Generally, a miner group is queried by a validator at request time. The default group size is `min(metagraph.n, 25)`. The validator will then rank the miners in this group relative to each other based on the incentive mechanism. These local ranks will be then translated into global ranks. Having a lower overall rank is better.

Here's an example of querying a group of 4 miners (assuming the `group_size` is 4):

In [33]:
from chunking.validator.reward import rank_responses
import numpy as np


top_4_miners_uids = metagraph.I.argsort()[-4:][::-1]

print(f"Top 4 miners uids: {top_4_miners_uids}")

axons = [metagraph.axons[uid] for uid in top_4_miners_uids]

responses: list[chunkSynapse] = validator_dendrite.query(
    axons=axons,
    synapse=synapse,
    deserialize=False
)

rewards = []
extra_info_dicts = []

for response in responses:
    num_chunks = len(response.chunks) if response.chunks else 0
    hotkey_str = response.axon.hotkey[:10] if response.axon.hotkey else "No hotkey found"
    process_time = response.dendrite.process_time if response.dendrite.process_time else "No process time found"
    
    print(f"Received {num_chunks} chunks from hotkey: {hotkey_str}, process time: {process_time}")    

    if not response.chunks:
        rewards.append(0)
        extra_info_dicts.append({})
        continue
    reward_value, extra_info_dict = reward(self=None, document=synapse.document, chunk_size=synapse.chunk_size, chunk_qty=synapse.chunk_qty, response=response, override_client=OpenAI(), override_num_embeddings=50, verbose=True)    
    rewards.append(reward_value)
    extra_info_dicts.append(extra_info_dict)

rewards = np.array(rewards)

print(f"Rewards: {rewards}")

response_ranks = rank_responses(rewards)

print(f"Response ranks: {response_ranks}")

Top 4 miners uids: [ 18 116  13 100]
Received 5 chunks from hotkey: 5F2LKK2qEt, process time: 0.7323508262634277
Chunk 0 has 33 sentences.
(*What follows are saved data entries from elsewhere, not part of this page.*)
lemma add_scaleR_in_vcell:
  assumes "finite_orth_group G" "v \<in> argmax_inner (orbit G v) w" "t > 0"
  shows "w + t *\<^sub>R v \<in> vcell G v"
  unfolding vcell_def
proof (intro CollectI ballI impI)
  fix p assume p: "p \<in> orbit G v" "p \<noteq> v"
  have "t * inner p v < t * inner v v"
    using inner_less_inner_self_if_norm_eq[OF norm_orbit[OF assms(1) p(1)] p(2)] assms(3) by simp
  moreover have "inner p w \<le> inner v w"
    using assms(2) p(1) unfolding argmax_inner_def by blast
  ultimately show "inner p (w + t *\<^sub>R v) < inner v (w + t *\<^sub>R v)"
    by (simp add: inner_add_right)
qed

lemma closure_vcell:
  assumes G: "finite_orth_group G"
  shows "closure (vcell G v) = {w. v \<in> argmax_inner (orbit G v) w}"
proof
  have "{w. v \<in> argmax_inner (orbit G v) w} = (\<Inter>p\<in>orbit G v. {w. inner p w \<le> inner v w})"
    using orbit_refl[OF G] unfolding argmax_inner_def by blast
  then have "closed {w. v \<in> argmax_inner (orbit G v) w}"
    by (auto intro!: closed_INT closed_Collect_le continuous_intros)
  moreover have "vcell G v \<subseteq> {w. v \<in> argmax_inner (orbit G v) w}"
    using orbit_refl[OF G] unfolding vcell_def argmax_inner_def by (auto simp: less_imp_le)
  ultimately show "closure (vcell G v) \<subseteq> {w. v \<in> argmax_inner (orbit G v) w}"
    by (rule closure_minimal[rotated])
next
  show "{w. v \<in> argmax_inner (orbit G v) w} \<subseteq> closure (vcell G v)"
  proof
    fix w assume "w \<in> {w. v \<in> argmax_inner (orbit G v) w}"
    then have "eventually (\<lambda>t. w + t *\<^sub>R v \<in> vcell G v) (at_right 0)"
      using add_scaleR_in_vcell[OF G] eventually_at_right_less[of 0] by (auto elim: eventually_mono)
    moreover have "((\<lambda>t. w + t *\<^sub>R v) \<longlongrightarrow> w + 0 *\<^sub>R v) (at_right 0)"
      by (intro tendsto_intros)
    ultimately show "w \<in> closure (vcell G v)"
      by (intro Lim_in_closed_set[of _ "\<lambda>t. w + t *\<^sub>R v" "at_right 0"])
        (auto elim: eventually_mono intro: closure_subset[THEN subsetD])
  qed
qed

lemma mem_closure_vcell_orbit:
  assumes "finite_orth_group G" "p \<in> orbit G y"
  shows "w \<in> closure (vcell G p) \<longleftrightarrow> p \<in> argmax_inner (orbit G y) w"
  using closure_vcell[OF assms(1)] orbit_eq[OF assms] by simp

lemma vcell_Int_closure_vcell_orbit:
  assumes G: "finite_orth_group G" and "p \<in> orbit G y" "q \<in> orbit G y"
    and "vcell G q \<inter> closure (vcell G p) \<noteq> {}"
  shows "p = q"
proof (rule ccontr)
  assume "p \<noteq> q"
  obtain u where u: "u \<in> vcell G q" "u \<in> closure (vcell G p)"
    using assms(4) by blast
  have "inner q u \<le> inner p u"
    using u(2) assms(2,3) unfolding mem_closure_vcell_orbit[OF G assms(2)] argmax_inner_def by blast
  moreover have "inner p u < inner q u"
    using u(1) \<open>p \<noteq> q\<close> assms(2) orbit_eq[OF G assms(3)] unfolding vcell_def by blast
  ultimately show False
    by linarith
qed

lemma eventually_argmax_inner_add_scaleR:
  assumes "finite A" "q \<in> argmax_inner (argmax_inner A w) x"
  shows "eventually (\<lambda>t. q \<in> argmax_inner A (w + t *\<^sub>R x)) (at_right 0)"
proof -
  have q: "q \<in> argmax_inner A w"
    using assms(2) argmax_inner_subset by blast
  have "eventually (\<lambda>t. inner p (w + t *\<^sub>R x) \<le> inner q (w + t *\<^sub>R x)) (at_right 0)"
    if "p \<in> A" for p
  proof (cases "p \<in> argmax_inner A w")
    case True
    then have "inner p w = inner q w" "inner p x \<le> inner q x"
      using q assms(2) unfolding argmax_inner_def by (auto intro: order.antisym)
    then show ?thesis
      using eventually_at_right_less[of 0]
      by (auto elim!: eventually_mono simp: inner_add_right mult_left_mono)
  next
    case False
    then have "inner p w < inner q w"
      using q \<open>p \<in> A\<close> unfolding argmax_inner_def by force
    moreover have "((\<lambda>t. inner (q - p) (w + t *\<^sub>R x)) \<longlongrightarrow> inner (q - p) (w + 0 *\<^sub>R x)) (at_right 0)"
      by (intro tendsto_intros)
    ultimately have "eventually (\<lambda>t. 0 < inner (q - p) (w + t *\<^sub>R x)) (at_right 0)"
      by (intro order_tendstoD(1)) (auto simp: inner_diff_left)
    then show ?thesis
      by (auto elim: eventually_mono simp: inner_diff_left)
  qed
  then have "eventually (\<lambda>t. \<forall>p\<in>A. inner p (w + t *\<^sub>R x) \<le> inner q (w + t *\<^sub>R x)) (at_right 0)"
    using assms(1) by (simp add: eventually_ball_finite)
  then show ?thesis
    using q unfolding argmax_inner_def by (auto elim: eventually_mono)
qed
(* For each integer $r\ge3$, $\lambda(\mathbb T(y;r))\sim\dfrac{y^{r-1}}{(r-y)^{r-1}}$ as $y\to0^+$.
   Context: For an integer $r\ge 3$ and $y\in[0,1]$, set $L_y:=1/(r-y)$, let $\mathbb T=(\mathbb R/\mathbb Z)^r$ with normalized Lebesgue (Haar) measure $\lambda$, and let $\mathbb T(y;r)$ be the set of $x=(x_1,\dots,x_r)\in\mathbb T$ such that the arcs $x_t+[0,L_y]$, $1\le t\le r$, cover $\mathbb R/\mathbb Z$. *)

theory Defs
  imports "HOL-Analysis.Analysis" "HOL-Library.Landau_Symbols"
begin

text \<open>The torus (R/Z)^r is represented by the fundamental domain [0,1)^r inside real^'n,
  with r = CARD('n); normalized Haar measure = Lebesgue measure restricted to this cube
  (which has volume 1).\<close>

definition arc_len :: "nat \<Rightarrow> real \<Rightarrow> real" where
  "arc_len r y = 1 / (real r - y)"

text \<open>The arc x_t + [0,L] (mod 1) contains the point z (mod 1) iff frac(z - x_t) \<le> L
  (for 0 \<le> L < 1). The arcs cover R/Z iff every real z lies in one of them.\<close>

definition arcs_cover :: "real \<Rightarrow> real^'n \<Rightarrow> bool" where
  "arcs_cover L x \<longleftrightarrow> (\<forall>z::real. \<exists>t. \<exists>s. 0 \<le> s \<and> s \<le> L \<and> (z - (x $ t + s)) \<in> \<int>)"

definition torus_cover_set :: "real \<Rightarrow> (real^'n) set" where
  "torus_cover_set y = {x. (\<forall>t. 0 \<le> x $ t \<and> x $ t < 1) \<and> arcs_cover (arc_len CARD('n) y) x}"

end

theory Submission
  imports Defs
begin
definition surface_integral :: "(real \<times> real \<Rightarrow> real^3) \<Rightarrow> (real \<times> real) set \<Rightarrow> (real^3 \<Rightarrow> real) \<Rightarrow> real" where
  "surface_integral \<phi> P g = integral P (surf_density \<phi> g)"

definition surface_avg :: "(real \<times> real \<Rightarrow> real^3) \<Rightarrow> (real \<times> real) set \<Rightarrow> (real^3 \<Rightarrow> real) \<Rightarrow> real" where
  "surface_avg \<phi> P g = surface_integral \<phi> P g / surface_integral \<phi> P (\<lambda>_. 1)"

definition vol_avg :: "(real^3) set \<Rightarrow> (real^3 \<Rightarrow> real) \<Rightarrow> real" where
  "vol_avg D f = integral D f / Henstock_Kurzweil_Integration.content D"

text \<open>Convexity of a function defined on a (possibly non-convex) set D: the convexity
  inequality along every segment contained in D. Coincides with convex_on when D is convex.\<close>
definition convex_fun_on :: "(real^3) set \<Rightarrow> (real^3 \<Rightarrow> real) \<Rightarrow> bool" where
  "convex_fun_on D f \<longleftrightarrow> (\<forall>x\<in>D. \<forall>y\<in>D. closed_segment x y \<subseteq> D \<longrightarrow>
     (\<forall>t::real. 0 \<le> t \<and> t \<le> 1 \<longrightarrow> f ((1 - t) *\<^sub>R x + t *\<^sub>R y) \<le> (1 - t) * f x + t * f y))"

end

theory Submission
  imports Defs
begin

text \<open>Parametrize the dicone by (t, \<theta>, w) \<mapsto> (1 - w) P0(t, \<theta>) + w P1(t, \<theta>),
  where Pi(t, \<theta>) runs along a generatrix of the cone with vertex Oi = C + hi n, from Oi (t = 0)
  to the circle point of angle \<theta> (t = 1). The Jacobian is R^2 \<bar>h1 - h0\<bar> t (1 - t), so
  vol D = pi R^2 \<bar>h1 - h0\<bar> / 3. Convexity of f on the segment [P0, P1], integrated over w,
  bounds the integral of f over D by R^2 \<bar>h1 - h0\<bar> / 2 times the integral of t (1 - t)
  (f(P0) + f(P1)) over (t, \<theta>). Along each generatrix f(Pi) is convex in t, and since 1 - 6 t +
  6 t^2 is orthogonal to the affine functions on [0, 1], 6 \<integral> t (1 - t) \<phi> \<le>
  \<integral> \<phi> for every convex \<phi>. On the other side, the area element of the cone with
  vertex Oi is t R sqrt (R^2 + hi^2) dt d\<theta>: its factor t R is exactly the distance to the axis
  that divides f in g, and the area of the cone is pi R sqrt (R^2 + hi^2). Being convex, f is
  continuous near an interior point and hence bounded below on D, which makes it absolutely
  integrable.\<close>

section \<open>Integration on products\<close>

lemma absolutely_integrable_twiddle:
  fixes F :: "'a::euclidean_space \<Rightarrow> real" and g :: "'b::euclidean_space \<Rightarrow> 'a"
  assumes hg: "\<And>x. h (g x) = x" and gh: "\<And>x. g (h x) = x"
    and contg: "\<And>x. continuous (at x) g"
    and gb: "\<And>u v. \<exists>w z. g ` cbox u v = cbox w z"
    and hb: "\<And>u v. \<exists>w z. h ` cbox u v = cbox w z"
    and content: "\<And>u v. measure lborel (g ` cbox u v) = measure lborel (cbox u v)"
    and F: "F absolutely_integrable_on cbox a b"
  shows "(\<lambda>x. F (g x)) absolutely_integrable_on (h ` cbox a b)"
    "integral (h ` cbox a b) (\<lambda>x. F (g x)) = integral (cbox a b) F"
proof -
  have F_int: "F integrable_on cbox a b" "(\<lambda>x. norm (F x)) integrable_on cbox a b"
    using F unfolding absolutely_integrable_on_def by auto
  have "((\<lambda>x. F (g x)) has_integral (1 / 1) *\<^sub>R integral (cbox a b) F) (h ` cbox a b)"
    by (rule has_integral_twiddle[where r=1]) (use assms F_int in auto)
  moreover have "((\<lambda>x. norm (F (g x))) has_integral (1 / 1) *\<^sub>R integral (cbox a b) (\<lambda>x. norm (F x)))
      (h ` cbox a b)"
    by (rule has_integral_twiddle[where r=1 and f="\<lambda>x. norm (F x)"]) (use assms F_int in auto)
  ultimately show "(\<lambda>x. F (g x)) absolutely_integrable_on (h ` cbox a b)"
    "integral (h ` cbox a b) (\<lambda>x. F (g x)) = integral (cbox a b) F"
    by (auto simp: absolutely_integrable_on_def integral_unique)
qed

lemma absolutely_integrable_on_swap:
  fixes F :: "'a::euclidean_space \<times> 'b::euclidean_space \<Rightarrow> real"
  assumes "F absolutely_integrable_on cbox (a, c) (b, d)"
  shows "(\<lambda>(y, x). F (x, y)) absolutely_integrable_on cbox (c, a) (d, b)"
    "integral (cbox (c, a) (d, b)) (\<lambda>(y, x). F (x, y)) = integral (cbox (a, c) (b, d)) F"
proof -
  have swap_F: "(\<lambda>(y, x). F (x, y)) = (\<lambda>p. F (prod.swap p))" by (auto simp: fun_eq_iff)
  have content: "measure lborel (prod.swap ` cbox u v) = measure lborel (cbox u v)" for u v :: "'b \<times> 'a"
    by (metis content_Pair mult.commute old.prod.exhaust swap_cbox_Pair)
  have box: "\<exists>w z. prod.swap ` cbox u v = cbox w z"
    for u v :: "'x::euclidean_space \<times> 'y::euclidean_space"
    by (metis prod.exhaust swap_cbox_Pair)
  note twiddle = absolutely_integrable_twiddle[where h=prod.swap and g=prod.swap,
      OF _ _ _ box box content assms]
  show "(\<lambda>(y, x). F (x, y)) absolutely_integrable_on cbox (c, a) (d, b)"
    "integral (cbox (c, a) (d, b)) (\<lambda>(y, x). F (x, y)) = integral (cbox (a, c) (b, d)) F"
    using twiddle unfolding swap_F by (simp_all add: isCont_swap)
qed

lemma integrable_lebesgue_obtain_borel:
  fixes g :: "'a::euclidean_space \<Rightarrow> real"
  assumes "integrable lebesgue g"
  obtains g' where "integrable lborel g'" "AE x in lborel. g x = g' x"
    "integral\<^sup>L lebesgue g = integral\<^sup>L lborel g'"
proof -
  have gm: "g \<in> borel_measurable lebesgue" using assms by (rule borel_measurable_integrable)
  obtain g' where g'm: "g' \<in> borel_measurable lborel" and ae: "AE x in lborel. g x = g' x"
    using completion_ex_borel_measurable_real[OF gm] by blast
  have aeL: "AE x in lebesgue. g x = g' x" using ae by (rule AE_completion)
  have g'mL: "g' \<in> borel_measurable lebesgue" using g'm by (rule measurable_completion)
  have "integrable lebesgue g'" by (rule integrable_cong_AE_imp[OF assms g'mL aeL])
  hence "integrable lborel g'" using integrable_completion[OF g'm] by simp
  moreover have "integral\<^sup>L lebesgue g = integral\<^sup>L lborel g'"
    using integral_cong_AE[OF gm g'mL aeL] integral_completion[OF g'm] by simp
  ultimately show ?thesis using that ae by blast
qed
(* Consider a POMDP with finite state space $\mathcal S$, finite observation space $\mathcal Y$, finite action space $\mathcal A$, transition kernel $P(s'\mid s,a)$, observation kernel $O(y'\mid s',a)$, reward $r\colon\mathcal S\times\mathcal A\to\mathbb R$, and discount $\gamma\in[0,1)$. Let $\mathcal Z$ be a finite set and $f\colon\mathcal Z\times\mathcal Y\times\mathcal A\to\mathcal Z$ a recurrent update, with agent state $Z_{t+1}=f(Z_t,Y_{t+1},A_t)$. Let the exploration policy $\pi_{\mathrm{expl}}\colon\mathcal Z\to\Delta(\mathcal A)$ (with $A_t\sim\pi_{\mathrm{expl}}(Z_t)$) be such that the Markov chain $\{(S_t,Y_t,Z_t,A_t)\}_{t\ge1}$ has a unique stationary distribution $\xi$ with $\xi(s,y,z,a)>0$ for all $(s,y,z,a)$. Consider the recurrent Q-learning iterates $$\widehat Q_{t+1}(Z_t,A_t)=\widehat Q_t(Z_t,A_t)+\alpha_t(Z_t,A_t)\big[R_t+\gamma\max_{\tilde a\in\mathcal A}\widehat Q_t(Z_{t+1},\tilde a)-\widehat Q_t(Z_t,A_t)\big],$$ where $R_t=r(S_t,A_t)$ and the learning rate is $\alpha_t(z,a)=\mathbb 1\{Z_t=z,A_t=a\}\big/\big(1+\sum_{\tau=0}^t\mathbb 1\{Z_\tau=z,A_\tau=a\}\big)$ (entries other than $(Z_t,A_t)$ are unchanged). Define $$r_\xi(z,a)=\sum_{s}r(s,a)\xi(s\mid z,a),\qquad P_\xi(z'\mid z,a)=\sum_s\xi(s\mid z,a)\sum_{s'}P(s'\mid s,a)\sum_{y'}O(y'\mid s',a)\mathbb 1\{z'=f(z,y',a)\},$$ and let $Q^\star_\xi$ be the unique fixed point of $$Q^\star_\xi(z,a)=r_\xi(z,a)+\gamma\sum_{z'\in\mathcal Z}P_\xi(z'\mid z,a)\max_{\tilde a\in\mathcal A}Q^\star_\xi(z',\tilde a).$$ Then $\widehat Q_t\to Q^\star_\xi$ almost surely. Therefore the greedy policies $\hat\pi_t(z)=\arg\max_a\widehat Q_t(z,a)$ converge to $\pi^\star_\xi(z)=\arg\max_aQ^\star_\xi(z,a)$ (arg-max ties broken by a fixed deterministic rule).
   Context: $\xi(s\mid z,a)=\xi(s,z,a)/\xi(z,a)$ denotes the conditional of the marginal of $\xi$ on $(s,z,a)$. $\Delta(\mathcal A)$ is the set of probability distributions on $\mathcal A$.
   Formalization: The greedy policies $\hat\pi_t(z)$ are claimed to converge to $\pi^\star_\xi(z)$ only at agent states z where $\arg\max_aQ^\star_\xi(z,a)$ consists of a single action, while $\widehat Q_t\to Q^\star_\xi$ almost surely holds without restriction. Apart from conventions, each condition added here is assumed in the paper as well or is needed for the statement above to hold. *)

theory Defs
  imports "HOL-Probability.Probability"
begin

definition chain_kernel ::
  "('s \<Rightarrow> 'a \<Rightarrow> 's pmf) \<Rightarrow> ('s \<Rightarrow> 'a \<Rightarrow> 'y pmf) \<Rightarrow> ('z \<Rightarrow> 'y \<Rightarrow> 'a \<Rightarrow> 'z)
   \<Rightarrow> ('z \<Rightarrow> 'a pmf) \<Rightarrow> 's \<times> 'y \<times> 'z \<times> 'a \<Rightarrow> ('s \<times> 'y \<times> 'z \<times> 'a) pmf" where
  "chain_kernel P Obs f pol = (\<lambda>(s, y, z, a).
     bind_pmf (P s a) (\<lambda>s'. bind_pmf (Obs s' a) (\<lambda>y'.
       map_pmf (\<lambda>a'. (s', y', f z y' a, a')) (pol (f z y' a)))))"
Added 11 test segments
Chunk 1 has 41 sentences. Added 14 test segments
Chunk 2 has 33 sentences. Added 11 test segments
Chunk 3 has 33 sentences. Added 11 test segments
Chunk 4 has 8 sentences. Added 3 test segments
Every set of 3 adjacent words from the document appears in the chunks
Using 50 test segments for evaluation
Calculated embeddings for 50 test segments
Embedding reward: 0.013467973409598932
Size penalty: 0
Quantity penalty: 0
Ensuring reward is positive (e ** reward):
1.0135590750890504
Received 5 chunks from hotkey: 5G7HVdSrYj, process time: 0.819551944732666
Chunk 0 has 33 sentences. Added 11 test segments
Chunk 1 has 41 sentences. Added 14 test segments
Chunk 2 has 33 sentences. Added 11 test segments
Chunk 3 has 33 sentences. Added 11 test segments
Chunk 4 has 8 sentences. Added 3 test segments
Every set of 3 adjacent words from the

In [36]:
print_extra_info_dict(extra_info_dicts, top_4_miners_uids)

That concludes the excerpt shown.